**What to work on**
Read the data below line by line and copy each one with "that" in it.

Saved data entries
══════════════════════════════

lemma reflection_in_Sth:
  assumes pos: "0 < \<theta>" and x: "x \<in> Sth \<theta>" "x < real A + 1" "x < (real B + 1) * \<theta>"
  shows "real A + real B * \<theta> - x \<in> Sth \<theta>"
proof -
  obtain i j where ij: "x = real i + real j * \<theta>" using x(1) unfolding Sth_def by auto
  have "0 \<le> real j * \<theta>" using pos by simp
  then have "i \<le> A" using ij x(2) by linarith
  have "real j * \<theta> < (real B + 1) * \<theta>" using ij x(3) by linarith
  then have "j \<le> B" using pos by (simp add: mult_less_cancel_right)
  have "real A + real B * \<theta> - x = real (A - i) + real (B - j) * \<theta>"
    using \<open>i \<le> A\<close> \<open>j \<le> B\<close> unfolding ij by (simp add: of_nat_diff algebra_simps)
  then show ?thesis by simp
qed

lemma translate_of_nat_and_mult_in_Sth_nonpos:
  assumes irr: "\<theta> \<notin> \<rat>" and "0 \<le> \<theta>"
    and "real A - d \<in> Sth \<theta>" "real B * \<theta> - d \<in> Sth \<theta>"
  shows "d \<le> 0"
proof -
  obtain i1 j1 where 1: "real A - d = real i1 + real j1 * \<theta>" using assms(3) unfolding Sth_def by auto
  obtain i2 j2 where 2: "real B * \<theta> - d = real i2 + real j2 * \<theta>" using assms(4) unfolding Sth_def by auto
  have "of_int (int A - int i1) + of_int (- int j1) * \<theta> = of_int (- int i2) + of_int (int B - int j2) * \<theta>"
    using 1 2 by (simp add: algebra_simps)
  from irrational_coordinates_unique[OF irr this] have "i1 = A + i2" by linarith
  then have "d = - real i2 - real j1 * \<theta>" using 1 by simp
  moreover have "0 \<le> real j1 * \<theta>" using \<open>0 \<le> \<theta>\<close> by simp
  ultimately show ?thesis by simp
qed

definition MK :: "real \<Rightarrow> nat \<Rightarrow> real \<Rightarrow> real set" where
  "MK \<theta> K c = {s \<in> Sth \<theta>. real (AK \<theta> K) + real (BK \<theta> K) * \<theta> - c \<le> s \<and> s \<le> c}"

lemma MK_reflect:
  fixes \<theta> :: real
  assumes irr: "\<theta> \<notin> \<rat>" and pos: "0 < \<theta>" and "K \<ge> 1" and "c \<in> TK \<theta> K"
    and x: "x \<in> MK \<theta> K c"
  shows "real (AK \<theta> K) + real (BK \<theta> K) * \<theta> - x \<in> MK \<theta> K c"
proof -
  note c_bounds = TK_bounds[OF irr pos \<open>K \<ge> 1\<close> \<open>c \<in> TK \<theta> K\<close>]
  have "x \<in> Sth \<theta>" "x \<le> c" using x unfolding MK_def by simp_all
  then have "real (AK \<theta> K) + real (BK \<theta> K) * \<theta> - x \<in> Sth \<theta>"
    using c_bounds by (intro reflection_in_Sth[OF pos]) linarith+
  with x show ?thesis unfolding MK_def by simp
qed

lemma MK_contains:
  fixes \<theta> :: real
  assumes irr: "\<theta> \<notin> \<rat>" and pos: "0 < \<theta>" and "K \<ge> 1" and "c \<in> TK \<theta> K"
  shows "real (AK \<theta> K) \<in> MK \<theta> K c" "real (BK \<theta> K) * \<theta> \<in> MK \<theta> K c"
proof -
  have "real (AK \<theta> K) \<in> Sth \<theta>" "real (BK \<theta> K) * \<theta> \<in> Sth \<theta>"
    using of_nat_add_mult_in_Sth[of "AK \<theta> K" 0 \<theta>] of_nat_add_mult_in_Sth[of 0 "BK \<theta> K" \<theta>]
    by simp_all
  then show "real (AK \<theta> K) \<in> MK \<theta> K c" "real (BK \<theta> K) * \<theta> \<in> MK \<theta> K c"
    using TK_bounds(1,2)[OF assms] unfolding MK_def by simp_all
qed

lemma delta_palindromic:
  assumes pos: "0 < \<theta>" and "a \<le> b"
    and reflect: "\<And>x. x \<in> sq \<theta> ` {a..b} \<Longrightarrow> C - x \<in> sq \<theta> ` {a..b}"
    and "t < b - a"
  shows "delta \<theta> (a + t) = delta \<theta> (b - Suc t)"
proof -
  note reflection = strict_mono_reflection[OF strict_mono_sq[OF pos] \<open>a \<le> b\<close> reflect]
  have "sq \<theta> (a + t) + sq \<theta> (b - t) = C" "sq \<theta> (a + Suc t) + sq \<theta> (b - Suc t) = C"
    using reflection[of t] reflection[of "Suc t"] \<open>t < b - a\<close> by simp_all
  moreover have "b - t = Suc (b - Suc t)" using \<open>t < b - a\<close> by simp
  ultimately show ?thesis unfolding delta_def by simp
qed

lemma equal_delta_factor_not_earlier:
  assumes irr: "\<theta> \<notin> \<rat>" and pos: "0 < \<theta>"
    and A: "real A \<in> sq \<theta> ` {a..b}" and B: "real B * \<theta> \<in> sq \<theta> ` {a..b}"
    and equal: "\<And>t. t < b - a \<Longrightarrow> delta \<theta> (i + t) = delta \<theta> (a + t)"
  shows "a \<le> i"
proof (rule ccontr)
  assume "\<not> a \<le> i"
  define d where "d = sq \<theta> a - sq \<theta> i"
  have "0 < d" unfolding d_def using strict_mono_sq[OF pos] \<open>\<not> a \<le> i\<close> by (simp add: strict_mono_less)
  have shift: "x - d \<in> Sth \<theta>" if "x \<in> sq \<theta> ` {a..b}" for x
  proof -
    from that obtain m where m: "x = sq \<theta> m" "m \<in> {a..b}" by (rule imageE)
    define t where "t = m - a"
    have t: "t \<le> b - a" "m = a + t" using m(2) unfolding t_def by auto
    have "sq \<theta> (i + t) = x - d"
      using telescoping_equal_gaps[of "b - a" "sq \<theta>" i a t] equal t m(1) unfolding d_def delta_def by simp
    then show ?thesis using sq_in_Sth[OF pos, of "i + t"] by simp
  qed
  have "d \<le> 0" using translate_of_nat_and_mult_in_Sth_nonpos[OF irr _ shift[OF A] shift[OF B]] pos by simp
  then show False using \<open>0 < d\<close> by simp
qed

theorem lemma11:
  fixes \<theta> c :: real and K a b :: nat
  assumes "\<theta> \<notin> \<rat>" and "1 < \<theta>" and "\<theta> < 2"
    and "K \<ge> 1" and "c \<in> TK \<theta> K"
    and "a \<le> b" and "sq \<theta> b = c"
    and "sq \<theta> ` {a..b} =
         {s \<in> Sth \<theta>. real (AK \<theta> K) + real (BK \<theta> K) * \<theta> - c \<le> s \<and> s \<le> c}"
  shows "rev (map (Lam \<theta>) [a..<b]) = map (Lam \<theta>) [a..<b]
     \<and> (\<forall>i. (i + (b - a) \<le> b \<and>
              take (b - a) (drop i (map (Lam \<theta>) [0..<b])) = map (Lam \<theta>) [a..<b])
            \<longleftrightarrow> i = a)"
proof -
  have irr: "\<theta> \<notin> \<rat>" and pos: "0 < \<theta>" using assms(1,2) by simp_all
  note window = assms(8)[folded MK_def] and in_TK = assms(4,5)
  have "delta \<theta> (a + t) = delta \<theta> (b - Suc t)" if "t < b - a" for t
    using MK_reflect[OF irr pos in_TK] by (intro delta_palindromic[OF pos \<open>a \<le> b\<close> _ that]) (simp add: window)
  then have "rev (map (Lam \<theta>) [a..<b]) = map (Lam \<theta>) [a..<b]"
    by (intro rev_map_upt_eq_self) (simp add: Lam_eq_iff)
  moreover have "a \<le> i" if "\<forall>t<b - a. Lam \<theta> (i + t) = Lam \<theta> (a + t)" for i
    using equal_delta_factor_not_earlier[OF irr pos MK_contains[OF irr pos in_TK, folded window]] that
    by (simp add: Lam_eq_iff)
  ultimately show ?thesis using factor_occurs_only_at[OF \<open>a \<le> b\<close>] by blast
qed

end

══════════════════════════════

**Exercise response**
    from that obtain m where m: "x = sq \<theta> m" "m \<in> {a..b}" by (rule imageE)
    using MK_reflect[OF irr pos in_TK] by (intro delta_palindromic[OF pos \<open>a \<le> b\<close> _ that]) (simp add: window)
    using equal_delta_factor_not_earlier[OF irr pos MK_contains[OF irr pos in_TK, folded window]] that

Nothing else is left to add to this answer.